Pour l'application de la présente partie, les règles suivantes s'appliquent:

e)          si un montant est calculé selon l'alinéa d) à l'égard du contribuable pour l'année, le revenu du contribuable pour l'année correspond à ce montant;

f)           sinon, le revenu du contribuable pour l'année est réputé égal à zéro.

5(1)       Sous réserve des autres dispositions de la présente partie, le revenu d'un contribuable, pour une année d'imposition, tiré d'une charge ou d'un emploi est le traitement, le salaire et toute autre rémunération, y compris les gratifications, que le contribuable a reçus au cours de l'année.

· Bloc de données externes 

definition p_reduction :: "nat \<Rightarrow> 'a set \<Rightarrow> 'a set set \<Rightarrow> 'a set \<Rightarrow> 'a set set \<Rightarrow> bool" where
  "p_reduction p V E V' E' \<longleftrightarrow>
     (\<exists>v\<in>V. (degree E v = 0 \<or> degree E v = 1) \<and> (V', E') = delete_vertices {v} V E) \<or>
     (\<exists>xs. strict_ear V E xs \<and> length xs - 1 \<ge> p \<and>
        (V', E') = delete_vertices (set (butlast (tl xs))) V E)"

inductive path_degenerate :: "nat \<Rightarrow> 'a set \<Rightarrow> 'a set set \<Rightarrow> bool" for p where
  empty: "path_degenerate p {} {}"
| step: "p_reduction p V E V' E' \<Longrightarrow> path_degenerate p V' E' \<Longrightarrow> path_degenerate p V E"

end

theory Submission
  imports Defs
begin

text \<open>Cycles avoid vertices of degree at most one, and a cycle that meets the interior of a
  strict ear contains the whole ear, because interior vertices have degree two. Undoing the
  reductions one at a time therefore proves two facts by induction. First, every cycle either
  survives the reduction or contains an ear with at least \<open>r + 1\<close> edges, so a graph with a cycle
  has a cycle of length at least \<open>r + 1\<close>, which needs \<open>r + 1\<close> colours. Second, \<open>r + 1\<close> colours
  suffice: give the first \<open>r + 1\<close> edges of each deleted ear distinct colours.\<close>

lemma simple_graph_finite_edges:
  assumes "simple_graph V E"
  shows "finite E"
proof -
  have "E \<subseteq> Pow V" using assms unfolding simple_graph_def by auto
  with assms show ?thesis unfolding simple_graph_def by (meson finite_Pow_iff finite_subset)
qed

lemma cycle_edges_subset: "is_cycle V E vs \<Longrightarrow> cycle_edges vs \<subseteq> E"
  unfolding is_cycle_def cycle_edges_def by auto

lemma cycle_edges_eq_image:
  "cycle_edges vs = (\<lambda>i. {vs ! i, vs ! ((i + 1) mod length vs)}) ` {..<length vs}"
  unfolding cycle_edges_def by auto

lemma finite_cycle_edges: "finite (cycle_edges vs)"
  unfolding cycle_edges_eq_image by simp

lemma card_cycle_edges_le: "card (cycle_edges vs) \<le> length vs"
  unfolding cycle_edges_eq_image by (metis card_image_le card_lessThan finite_lessThan)

lemma cycle_edge_subset_set: "e \<in> cycle_edges vs \<Longrightarrow> e \<subseteq> set vs"
  unfolding cycle_edges_def by (auto intro!: nth_mem mod_less_divisor)

lemma is_cycle_mono: "is_cycle V' E' vs \<Longrightarrow> V' \<subseteq> V \<Longrightarrow> E' \<subseteq> E \<Longrightarrow> is_cycle V E vs"
  unfolding is_cycle_def by auto

lemma is_cycle_delete_vertices:
  assumes "is_cycle V E vs" "set vs \<inter> S = {}"
  shows "is_cycle (V - S) {e \<in> E. e \<inter> S = {}} vs"
proof -
  have "cycle_edges vs \<subseteq> {e \<in> E. e \<inter> S = {}}"
    using assms cycle_edges_subset cycle_edge_subset_set by fastforce
  with assms show ?thesis unfolding is_cycle_def cycle_edges_def by auto
qed

lemma cycle_vertex_two_edges:
  assumes "is_cycle V E vs" "v \<in> set vs"
  obtains e1 e2 where "e1 \<in> cycle_edges vs" "e2 \<in> cycle_edges vs" "e1 \<noteq> e2" "v \<in> e1" "v \<in> e2"
proof -
  let ?n = "length vs"
  have n3: "?n \<ge> 3" and dist: "distinct vs" using assms(1) unfolding is_cycle_def by auto
  obtain i where i: "i < ?n" "vs ! i = v" using assms(2) by (metis in_set_conv_nth)
  define succ where "succ = (if i + 1 = ?n then 0 else i + 1)"
  define pred where "pred = (if i = 0 then ?n - 1 else i - 1)"
  have succ: "(i + 1) mod ?n = succ" "succ < ?n" "succ \<noteq> i"
    using i n3 unfolding succ_def by auto
  have pred: "(pred + 1) mod ?n = i" "pred < ?n" "pred \<noteq> i" "pred \<noteq> succ"
    using i n3 unfolding pred_def succ_def by auto
  define e1 where "e1 = {vs ! i, vs ! ((i + 1) mod ?n)}"
  define e2 where "e2 = {vs ! pred, vs ! ((pred + 1) mod ?n)}"
  have "e1 \<in> cycle_edges vs" "e2 \<in> cycle_edges vs"
    unfolding e1_def e2_def cycle_edges_def using i pred by auto
  moreover have "e1 \<noteq> e2"
  proof
    assume "e1 = e2"
    hence "vs ! succ \<in> {vs ! pred, vs ! i}" unfolding e1_def e2_def succ pred by auto
    thus False using dist i succ pred by (auto simp: nth_eq_iff_index_eq)
  qed
  moreover have "v \<in> e1" "v \<in> e2" unfolding e1_def e2_def using i pred by auto
  ultimately show ?thesis using that by blast
qed

lemma two_le_degree:
  assumes "finite E" "e1 \<in> E" "e2 \<in> E" "e1 \<noteq> e2" "v \<in> e1" "v \<in> e2"
  shows "2 \<le> degree E v"
proof -
  have "{e1, e2} \<subseteq> {e \<in> E. v \<in> e}" using assms by auto
  hence "card {e1, e2} \<le> card {e \<in> E. v \<in> e}" using assms(1) by (intro card_mono) auto
  thus ?thesis using assms(4) unfolding degree_def by simp
qed

lemma not_in_cycle_if_degree_le_1:
  assumes "finite E" "is_cycle V E vs" "degree E v \<le> 1"
  shows "v \<notin> set vs"
proof
  assume "v \<in> set vs"
  then obtain e1 e2 where "e1 \<in> cycle_edges vs" "e2 \<in> cycle_edges vs" "e1 \<noteq> e2" "v \<in> e1" "v \<in> e2"
    by (rule cycle_vertex_two_edges[OF assms(2)])
  hence "2 \<le> degree E v" using two_le_degree[OF assms(1)] cycle_edges_subset[OF assms(2)] by blast
  with assms(3) show False by simp
qed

8(1)       Sont déductibles dans le calcul du revenu d'un contribuable tiré, pour une année d'imposition, d'une charge ou d'un emploi ceux des éléments suivants qui se rapportent entièrement à cette source de revenus, ou la partie des éléments suivants qu'il est raisonnable de considérer comme s'y rapportant :

a)          [...]

h.1)       dans le cas où le contribuable, au cours de l'année, a été habituellement tenu d'accomplir les fonctions de son emploi ailleurs qu'au lieu d'affaires de son employeur ou à différents endroits et a été tenu, aux termes de son contrat d'emploi, d'acquitter les frais afférents à un véhicule à moteur qu'il a engagés dans l'accomplissement des fonctions de sa charge ou de son emploi, les sommes qu'il a dépensées au cours de l'année au titre des frais afférents à un véhicule à moteur pour se déplacer dans l'exercice des fonctions de son emploi, sauf s'il a, selon le cas:

(i)          reçu une allocation pour frais afférents à un véhicule à moteur qui, par l'effet de l'alinéa 6(1)b), n'est pas incluse dans le calcul de son revenu pour l'année,

(ii)         demandé une déduction pour l'année en application de l'alinéa f);

248(1) Les définitions qui suivent s'appliquent à la présente loi.

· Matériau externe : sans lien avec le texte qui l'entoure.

theorem riesz_representation:
  fixes f :: "'a::{real_inner,complete_space} \<Rightarrow> real"
  assumes "bounded_linear f"
  shows "\<exists>y. \<forall>x. f x = inner x y"
proof (cases "\<forall>x. f x = 0")
  case True then show ?thesis by (intro exI[of _ 0]) simp
next
  case False
  interpret f: bounded_linear f by (rule assms)
  obtain x1 where "f x1 \<noteq> 0" using False by blast
  define H where "H = {x. f x = 1}"
  have "closed H"
    unfolding H_def by (rule closed_Collect_eq[OF linear_continuous_on[OF assms] continuous_on_const])
  moreover have "(1 / f x1) *\<^sub>R x1 \<in> H" using \<open>f x1 \<noteq> 0\<close> by (simp add: H_def f.scaleR)
  moreover have "(1/2) *\<^sub>R (x + y) \<in> H" if "x \<in> H" "y \<in> H" for x y
    using that by (simp add: H_def f.scaleR f.add)
  ultimately have "\<exists>z\<in>H. \<forall>x\<in>H. norm z \<le> norm x" by (rule min_norm_point_exists)
  then obtain z where z: "z \<in> H" "\<And>x. x \<in> H \<Longrightarrow> norm z \<le> norm x" by blast
  have "f x = inner x ((1 / inner z z) *\<^sub>R z)" for x
  proof -
    have "f (z + t *\<^sub>R (x - f x *\<^sub>R z)) = 1" for t
      using z(1) by (simp add: H_def f.add f.scaleR f.diff)
    then have "inner z (x - f x *\<^sub>R z) = 0"
      using z(2) by (intro orthogonal_of_min_norm) (simp add: H_def)
    then have "inner x z = f x * inner z z" by (simp add: inner_diff_right inner_commute)
    moreover have "z \<noteq> 0" using z(1) f.zero by (auto simp: H_def)
    ultimately show ?thesis by simp
  qed
  then show ?thesis by blast
qed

« employé » Sont compris parmi les employés les cadres ou fonctionnaires.

« charge » Poste qu'occupe un particulier et qui lui donne droit à un traitement ou à une rémunération fixes ou vérifiables, y compris une charge judiciaire, la charge de ministre de la Couronne, la charge de membre du Sénat ou de la Chambre des communes du Canada, de membre d'une assemblée législative ou de membre d'un conseil législatif ou exécutif et toute autre charge dont le titulaire est élu au suffrage universel ou bien choisi ou nommé à titre représentatif, et comprend aussi le poste d'administrateur de société; « fonctionnaire » ou « cadre » s'entend de la personne qui détient une charge de ce genre, y compris un conseiller municipal et un commissaire d'école.



[1]               Cour d'appel fédérale, no A-352-91, 5 janvier 1994, (94 DTC 6193 (FCA)), juge Heald,

          à la page 7.

[2]           Stewart c. Canada, 2002 CSC 46, paragraphes 50-54.